Strictly Come Dancing

The first weekend in March presented the opportunity to indulge in a bit of Dancing with Wolves Horses. First up was a bit of piaffe practice on Real. He’s a bit of a late starter with this tricky stuff (he is 18 now) but I think he was probably Rudolph Nureyev in a previous life as he quite likes the opportunity to do a bit of pointy-toed ballet dancing. Sometimes he even offers a few bounce-steps when I don’t really want it … Anyway, on Saturday we decided to try it on purpose and managed a few proper grown up steps. I was delighted with him and his efforts until Joao Cavaco – always striving for better – reminded me that we had been trying to perfect this for a whole year now. Whilst for me 2 proper steps are better than none, Joao wants 4. If we were in the equine equivalent of Strictly Come Dancing we might not make it past Blackpool, but we are certainly not in the John Sargeant / Ann Widdecombe camp!
The second act was courtesy of my own horse – Giuto – who went out hacking with Jack and Faffa for the first time. Giuto (aka Mr G) is a little bit more contemporary in his choice of genre and gives full vent to his Latin roots – he is a Lusitano from Portugal after all. He favours a free-style approach which shows a creative flair. One description I found on line says: “Pioneers of contemporary dance believed that dancers should have freedom of movement, allowing their bodies to freely express their innermost feelings.” He most definitely did that on Sunday at times!
Finally, returning to the Strictly theme, Wanda Bendisch took on the role of choreographer to my and Leila’s Anton and Erin as we performed a pas de deux on Unico and Xariel. Despite our protests she videoed our efforts which, to be fair, were not too shabby in the end, although this was about the 4th time we had ridden the routine.  Sadly the short clip is too big to attach here.  :-(    We might have warranted a generous 7 – but definitely not a “Ten from Len” this time.
Keep dancing riding. 

Zak and Arthur Kottas

Lovely write up in the local paper for Zak this week – I thought I should share it with you.
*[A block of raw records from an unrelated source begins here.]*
(* In the setting below, suppose that $\tau_I = 0$ for all macrostates $I$ and that the augmented Markov kernel satisfies $$T(x,I,s;dy,J,t) = \int \eta_I(dz)\, T(z,I,\tau_I;dy,J,t)$$ for all $(x,I,s)$, $(dy,J,t)$. Then the memory kernel matrices satisfy $\mathcal K(n\tau) = 0$ for all integers $n>1$.
   Context: $X(t)$ is a Markov process on microstates partitioned into finitely many macrostates, with macroscopic time step $\tau>0$, decorrelation times $\tau_I$, and quasistationary distribution $\eta_I$ in each macrostate $I$ (i.e. $\eta_I(\cdot)=\int\eta_I(dx)\mathbb P(X(t)\in\cdot\mid X(0)=x,\ X(s)\in I,\ s\le t)$). The jump process $R(t)$ (at multiples of $\tau$) jumps from its current macrostate $I$ to $J\ne I$ at time $t$ iff $X(t-c)\in J$ for $0\le c\le\tau_J$. $C(t)$ is the consecutive time $X(t)$ has spent in its current macrostate, stopped at $\tau_J$ if $X(t)\in J$. $T(x,I,s;dy,J,t)=\mathbb P^{x,I,s}[(X(\tau),R(\tau),C(\tau))\in(dy,J,t)]$ is the one-step kernel of the augmented chain $(X,R,C)$, acting on functions by $Tf(x,I,s)=\int\sum_{J,t}T(x,I,s;dy,J,t)f(y,J,t)$. The projector $P$ is $Pf(x,I,s)=\int\eta_I(dz)f(z,I,\tau_I)$, $Q=\mathrm{Id}-P$, $\chi_J(x,I,s)=\delta_{I=J}$, and the memory kernel matrices are $\mathcal K_{IJ}(n\tau) = PT(QT)^{n-1}\chi_J(x,I,s)$ for $n\ge1$. *)

theory Defs
  imports "HOL-Probability.Probability"
begin

text \<open>Augmented states are triples (x, I, s): microstate x, macrostate I
  (value of the jump process R), and clock value s (value of C).\<close>

definition aug_space :: "'a measure \<Rightarrow> ('a \<times> 'm \<times> real) measure" where
  "aug_space M = M \<Otimes>\<^sub>M (count_space UNIV \<Otimes>\<^sub>M borel)"

definition T_op :: "('s \<Rightarrow> 's measure) \<Rightarrow> ('s \<Rightarrow> real) \<Rightarrow> 's \<Rightarrow> real" where
  "T_op T f w = (\<integral>w'. f w' \<partial>(T w))"

definition P_op :: "('m \<Rightarrow> 'a measure) \<Rightarrow> ('m \<Rightarrow> real)
    \<Rightarrow> ('a \<times> 'm \<times> real \<Rightarrow> real) \<Rightarrow> 'a \<times> 'm \<times> real \<Rightarrow> real" where
  "P_op \<eta> \<tau>c f w = (case w of (x, I, s) \<Rightarrow> \<integral>z. f (z, I, \<tau>c I) \<partial>(\<eta> I))"

definition Q_op :: "('m \<Rightarrow> 'a measure) \<Rightarrow> ('m \<Rightarrow> real)
    \<Rightarrow> ('a \<times> 'm \<times> real \<Rightarrow> real) \<Rightarrow> 'a \<times> 'm \<times> real \<Rightarrow> real" where
  "Q_op \<eta> \<tau>c f w = f w - P_op \<eta> \<tau>c f w"

definition chi :: "'m \<Rightarrow> 'a \<times> 'm \<times> real \<Rightarrow> real" where
  "chi J w = (case w of (x, I, s) \<Rightarrow> (if I = J then 1 else 0))"

text \<open>Memory kernel: K_{IJ}(n tau) = (P T (Q T)^(n-1) chi_J)(x,I,s) (for n \<ge> 1);
  the value does not depend on x, s.\<close>
definition mem_kernel :: "('a \<times> 'm \<times> real \<Rightarrow> ('a \<times> 'm \<times> real) measure)
    \<Rightarrow> ('m \<Rightarrow> 'a measure) \<Rightarrow> ('m \<Rightarrow> real) \<Rightarrow> nat \<Rightarrow> 'm \<Rightarrow> 'a \<times> 'm \<times> real \<Rightarrow> real" where
  "mem_kernel T \<eta> \<tau>c n J =
     P_op \<eta> \<tau>c (T_op T (((\<lambda>f. Q_op \<eta> \<tau>c (T_op T f)) ^^ (n - 1)) (chi J)))"

end

theory Submission
  imports Defs
begin

text \<open>The hypothesis on T says that one step of the augmented chain from (x, I, s) is
  the eta_I-mixture of the steps from (z, I, tau_I); integrating a bounded measurable f
  against both sides gives T f = P T f, i.e. Q T f = 0. Starting from the bounded
  measurable function chi_J, the iterate (Q T)^(n-1) chi_J therefore vanishes as soon as
  n > 1, and so does P T applied to it.\<close>

lemma space_aug_space: "space (aug_space M) = space M \<times> UNIV"
  by (simp add: aug_space_def space_pair_measure)

lemma macrostate_function_measurable:
  "(\<lambda>w. g (fst (snd w)) :: real) \<in> borel_measurable (aug_space M)"
proof (rule measurable_compose[where f = "\<lambda>w. fst (snd w)"])
  show "(\<lambda>w. fst (snd w)) \<in> aug_space M \<rightarrow>\<^sub>M count_space UNIV"
    unfolding aug_space_def by measurable
qed simp

lemma chi_measurable: "chi J \<in> borel_measurable (aug_space M)"
proof -
  have eq: "chi J = (\<lambda>w. if fst (snd w) = J then 1 else 0)"
    by (auto simp: chi_def fun_eq_iff)
  show ?thesis
    unfolding eq by (rule macrostate_function_measurable)
qed

lemma P_op_measurable: "P_op \<eta> \<tau>c f \<in> borel_measurable (aug_space M)"
proof -
  have eq: "P_op \<eta> \<tau>c f = (\<lambda>w. \<integral>z. f (z, fst (snd w), \<tau>c (fst (snd w))) \<partial>\<eta> (fst (snd w)))"
    by (auto simp: P_op_def fun_eq_iff)
  show ?thesis
    unfolding eq by (rule macrostate_function_measurable)
qed

lemma T_op_measurable:
  assumes "T \<in> A \<rightarrow>\<^sub>M subprob_algebra A" and "f \<in> borel_measurable A"
  shows "T_op T f \<in> borel_measurable A"
  using measurable_compose[OF assms(1) integral_measurable_subprob_algebra[OF assms(2)]]
  by (simp add: T_op_def[abs_def] comp_def)

lemma T_op_vanishing:
  assumes "T \<in> A \<rightarrow>\<^sub>M subprob_algebra A" and "w \<in> space A"
    and "\<And>v. v \<in> space A \<Longrightarrow> f v = 0"
  shows "T_op T f w = 0"
proof -
  have "sets (T w) = sets A"
    using measurable_space[OF assms(1,2)] by (simp add: space_subprob_algebra)
  then have "space (T w) = space A"
    by (rule sets_eq_imp_space_eq)
  then have "(\<integral>v. f v \<partial>T w) = (\<integral>v. 0 \<partial>T w)"
    using assms(3) by (intro Bochner_Integration.integral_cong) auto
  then show ?thesis
    by (simp add: T_op_def)
qed

locale eta_averaged_kernel =
  fixes M :: "'a measure"
    and T :: "'a \<times> 'm \<times> real \<Rightarrow> ('a \<times> 'm \<times> real) measure"
    and \<eta> :: "'m \<Rightarrow> 'a measure"
    and \<tau>c :: "'m \<Rightarrow> real"
  assumes T_kernel: "T \<in> aug_space M \<rightarrow>\<^sub>M prob_algebra (aug_space M)"
    and eta_prob: "prob_space (\<eta> I)"
    and eta_sets: "sets (\<eta> I) = sets M"
    and T_eta: "x \<in> space M \<Longrightarrow> A \<in> sets (aug_space M) \<Longrightarrow>
        emeasure (T (x, I, s)) A = (\<integral>\<^sup>+ z. emeasure (T (z, I, \<tau>c I)) A \<partial>\<eta> I)"
begin

abbreviation QT :: "('a \<times> 'm \<times> real \<Rightarrow> real) \<Rightarrow> 'a \<times> 'm \<times> real \<Rightarrow> real" where
  "QT \<equiv> \<lambda>f. Q_op \<eta> \<tau>c (T_op T f)"

lemma T_subprob_kernel: "T \<in> aug_space M \<rightarrow>\<^sub>M subprob_algebra (aug_space M)"
  using T_kernel by (rule measurable_prob_algebraD)

lemma sets_T: "w \<in> space (aug_space M) \<Longrightarrow> sets (T w) = sets (aug_space M)"
  using measurable_space[OF T_kernel] by (simp add: space_prob_algebra)

lemma T_restart_kernel: "(\<lambda>z. T (z, I, \<tau>c I)) \<in> \<eta> I \<rightarrow>\<^sub>M subprob_algebra (aug_space M)"
proof -
  have "(\<lambda>z. (z, I, \<tau>c I)) \<in> \<eta> I \<rightarrow>\<^sub>M aug_space M"
    unfolding aug_space_def measurable_cong_sets[OF eta_sets refl] by measurable
  from measurable_compose[OF this T_subprob_kernel] show ?thesis
    by (simp add: comp_def)
qed

lemma T_eq_bind_eta:
  assumes "x \<in> space M"
  shows "T (x, I, s) = \<eta> I \<bind> (\<lambda>z. T (z, I, \<tau>c I))"
proof (rule measure_eqI)
  have "space (\<eta> I) \<noteq> {}"
    using eta_prob prob_space.not_empty by blast
  moreover have "sets (T (z, I, \<tau>c I)) = sets (aug_space M)" if "z \<in> space (\<eta> I)" for z
    using that sets_eq_imp_space_eq[OF eta_sets] by (intro sets_T) (simp add: space_aug_space)
  moreover have xs: "(x, I, s) \<in> space (aug_space M)"
    using assms by (simp add: space_aug_space)
  ultimately show "sets (T (x, I, s)) = sets (\<eta> I \<bind> (\<lambda>z. T (z, I, \<tau>c I)))"
    by (simp add: sets_T sets_bind)
  fix A
  assume "A \<in> sets (T (x, I, s))"
  then have "A \<in> sets (aug_space M)"
    using sets_T[OF xs] by simp
  then show "emeasure (T (x, I, s)) A = emeasure (\<eta> I \<bind> (\<lambda>z. T (z, I, \<tau>c I))) A"
    using emeasure_bind[OF \<open>space (\<eta> I) \<noteq> {}\<close> T_restart_kernel] T_eta[OF assms] by simp
qed

lemma T_op_eq_P_op_T_op:
  assumes f: "f \<in> borel_measurable (aug_space M)"
    and f_bounded: "\<And>w. w \<in> space (aug_space M) \<Longrightarrow> \<bar>f w\<bar> \<le> B"
    and x: "x \<in> space M"
  shows "T_op T f (x, I, s) = P_op \<eta> \<tau>c (T_op T f) (x, I, s)"
proof -
  have "T_op T f (x, I, s) = (\<integral>v. f v \<partial>(\<eta> I \<bind> (\<lambda>z. T (z, I, \<tau>c I))))"
    by (simp add: T_op_def T_eq_bind_eta[OF x])
  also have "\<dots> = (\<integral>z. (\<integral>v. f v \<partial>T (z, I, \<tau>c I)) \<partial>\<eta> I)"
  proof (rule integral_bind[OF f f_bounded T_restart_kernel])
    show "finite_measure (\<eta> I)"
      using eta_prob by (simp add: prob_space_def)
    show "AE z in \<eta> I. emeasure (T (z, I, \<tau>c I)) (space (T (z, I, \<tau>c I))) \<le> ennreal 1"
      using measurable_space[OF T_restart_kernel]
      by (intro AE_I2) (auto simp: space_subprob_algebra subprob_space.emeasure_space_le_1)
  qed
  finally show ?thesis
    by (simp add: P_op_def T_op_def)
qed

lemma QT_measurable:
  assumes "f \<in> borel_measurable (aug_space M)"
  shows "QT f \<in> borel_measurable (aug_space M)"
  unfolding Q_op_def[abs_def]
  by (intro borel_measurable_diff T_op_measurable[OF T_subprob_kernel assms] P_op_measurable)

lemma QT_vanishes:
  assumes "f \<in> borel_measurable (aug_space M)"
    and "\<And>w. w \<in> space (aug_space M) \<Longrightarrow> \<bar>f w\<bar> \<le> B"
    and "w \<in> space (aug_space M)"
  shows "QT f w = 0"
proof -
  obtain x I s where w: "w = (x, I, s)" and "x \<in> space M"
    using assms(3) by (cases w) (auto simp: space_aug_space)
  then show ?thesis
    using T_op_eq_P_op_T_op[OF assms(1,2)] by (simp add: Q_op_def)
qed

lemma QT_iterate_chi_bounded_measurable:
  "(QT ^^ m) (chi J) \<in> borel_measurable (aug_space M) \<and>
    (\<exists>B. \<forall>w\<in>space (aug_space M). \<bar>(QT ^^ m) (chi J) w\<bar> \<le> B)"
proof (induction m)
  case 0
  have "\<bar>chi J w\<bar> \<le> 1" for w
    by (auto simp: chi_def split: prod.splits)
  then show ?case
    using chi_measurable by (auto intro!: exI[of _ 1])
next
  case (Suc m)
  then obtain B where measurable: "(QT ^^ m) (chi J) \<in> borel_measurable (aug_space M)"
    and "\<And>w. w \<in> space (aug_space M) \<Longrightarrow> \<bar>(QT ^^ m) (chi J) w\<bar> \<le> B"
    by blast
  then have "QT ((QT ^^ m) (chi J)) w = 0" if "w \<in> space (aug_space M)" for w
    using QT_vanishes that by blast
  with measurable show ?case
    by (auto intro!: QT_measurable exI[of _ 0])
qed

lemma QT_iterate_chi_vanishes:
  assumes "w \<in> space (aug_space M)"
  shows "(QT ^^ Suc m) (chi J) w = 0"
  using QT_iterate_chi_bounded_measurable[of m J] QT_vanishes[OF _ _ assms] by auto

lemma mem_kernel_vanishes:
  assumes "n > 1" and "x \<in> space M"
  shows "mem_kernel T \<eta> \<tau>c n J (x, I, s) = 0"
proof -
  obtain m where m: "n - 1 = Suc m"
    using assms(1) by (metis Suc_diff_Suc zero_less_diff)
  have "T_op T ((QT ^^ Suc m) (chi J)) (z, I, \<tau>c I) = 0" if "z \<in> space M" for z
    using that by (intro T_op_vanishing[OF T_subprob_kernel] QT_iterate_chi_vanishes)
      (auto simp: space_aug_space)
  then have "(\<integral>z. T_op T ((QT ^^ Suc m) (chi J)) (z, I, \<tau>c I) \<partial>\<eta> I) = (\<integral>z. 0 \<partial>\<eta> I)"
    using sets_eq_imp_space_eq[OF eta_sets] by (intro Bochner_Integration.integral_cong) auto
  then show ?thesis
    unfolding mem_kernel_def m by (simp add: P_op_def)
qed

end

theorem theorem3:
  fixes M :: "'a measure"
    and T :: "'a \<times> ('m::finite) \<times> real \<Rightarrow> ('a \<times> 'm \<times> real) measure"
    and \<eta> :: "'m \<Rightarrow> 'a measure"
    and \<tau>c :: "'m \<Rightarrow> real"
  assumes T_kernel: "T \<in> measurable (aug_space M) (prob_algebra (aug_space M))"
    and eta_prob: "\<And>I. prob_space (\<eta> I)"
    and eta_sets: "\<And>I. sets (\<eta> I) = sets M"
    and tau_zero: "\<And>I. \<tau>c I = 0"
    and T_eta: "\<And>x I s A. x \<in> space M \<Longrightarrow> A \<in> sets (aug_space M) \<Longrightarrow>
        emeasure (T (x, I, s)) A = (\<integral>\<^sup>+ z. emeasure (T (z, I, \<tau>c I)) A \<partial>(\<eta> I))"
    and n_gt: "n > (1::nat)"
  shows "\<forall>I J. \<forall>x\<in>space M. \<forall>s. mem_kernel T \<eta> \<tau>c n J (x, I, s) = 0"
proof -
  interpret eta_averaged_kernel M T \<eta> \<tau>c
    by (rule eta_averaged_kernel.intro) (fact T_kernel eta_prob eta_sets T_eta)+
  show ?thesis
    using mem_kernel_vanishes[OF n_gt] by blast
qed

end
“Local Chauncy school boy Zak Layton-Elliott (14) of Contessa Riding Centre was invited to attend a dressage clinic with the world renowned Herr Arthur Kottas (former First Chief rider in the Spanish Riding School of Vienna) last week. The clinic was held in Guildford, Surrey and Zak took his new Lusitano dressage stallion Riacho that he has had since October 2015, Zak is extremely lucky to have this horse who was the Spanish reserve team horse for the 2012 London Olympic Games.
Zak had to preform some very difficult dressage movements and ride to a high standard, normally these clinics are just for professional riders and trainers but as his Mother Tina Layton-Elliott has been training with Kottas for over 25yrs he was invited to attend as he shows a lot of talent and dedication to the sport. Kottas gave him much praise and encouragement along with some great advise and help with Riacho.”
Contessa also had two other riders attending the clinic, Louise Clark and Joao Cavaco that also did very well for The Master!!